Stored data entries:
definition subset_value_bound :: "nat \<Rightarrow> nat \<Rightarrow> nat \<Rightarrow> nat" where
  "subset_value_bound q h b = q ^ Suc b - 2 * q ^ h"

lemma digit_block_upper:
  assumes blk: "digit_block q K s J r" and q: "q \<ge> 3" and h: "s + 1 \<le> h" "h \<le> Suc (s + K)"
  shows "card {t\<in>J. h \<le> r t} = (Suc (s + K) - h) * (q - 1)"
    and "digit_value q r {t\<in>J. h \<le> r t} + q ^ h = q ^ Suc (s + K)"
proof -
  let ?J = "{t\<in>J. h \<le> r t}"
  have fin: "finite ?J" using blk by (simp add: digit_block_def)
  have vals: "\<forall>t\<in>?J. r t \<in> {h..s + K}" using blk by (auto simp: digit_block_def)
  have fibres: "card {t\<in>?J. r t = v} = q - 1" if "v \<in> {h..s + K}" for v
  proof -
    have "{t\<in>?J. r t = v} = {t\<in>J. r t = v}" using that by auto
    then show ?thesis using blk that h by (auto simp: digit_block_def)
  qed
  have "card ?J = (\<Sum>t\<in>?J. (\<lambda>_. 1::nat) (r t))" by simp
  also have "\<dots> = (\<Sum>v\<in>{h..s + K}. card {t\<in>?J. r t = v} * 1)"
    by (rule sum_by_fibres[OF fin _ vals]) simp
  also have "\<dots> = (\<Sum>v\<in>{h..s + K}. q - 1)" using fibres by simp
  finally show "card ?J = (Suc (s + K) - h) * (q - 1)" by simp
  have "digit_value q r ?J = (\<Sum>v\<in>{h..s + K}. card {t\<in>?J. r t = v} * q ^ v)"
    unfolding digit_value_def by (rule sum_by_fibres[OF fin _ vals]) simp
  also have "\<dots> = (\<Sum>v\<in>{h..s + K}. (q - 1) * q ^ v)" using fibres by simp
  finally show "digit_value q r ?J + q ^ h = q ^ Suc (s + K)"
    using geometric_digit_sum[of q h "s + K"] q h by simp
qed

lemma digit_block_upper_value:
  assumes blk: "digit_block q K s J r" and q: "q \<ge> 3" and h: "s + 1 \<le> h" "h \<le> s + K"
  shows "digit_value q r {t\<in>J. h \<le> r t} = q ^ h + subset_value_bound q h (s + K)"
proof -
  have "digit_value q r {t\<in>J. h \<le> r t} + q ^ h = q ^ Suc (s + K)"
    using digit_block_upper[OF blk q h(1)] h by auto
  moreover have "2 * q ^ h \<le> q ^ Suc h" using q by simp
  moreover have "q ^ Suc h \<le> q ^ Suc (s + K)" using q h by (intro power_increasing) auto
  ultimately show ?thesis unfolding subset_value_bound_def by linarith
qed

▶ Work required
Output nothing but the lines from the one with "using q by simp" through the last line above, each exactly as it stands.

▶ Solution to this problem
  moreover have "2 * q ^ h \<le> q ^ Suc h" using q by simp
  moreover have "q ^ Suc h \<le> q ^ Suc (s + K)" using q h by (intro power_increasing) auto
  ultimately show ?thesis unfolding subset_value_bound_def by linarith
qed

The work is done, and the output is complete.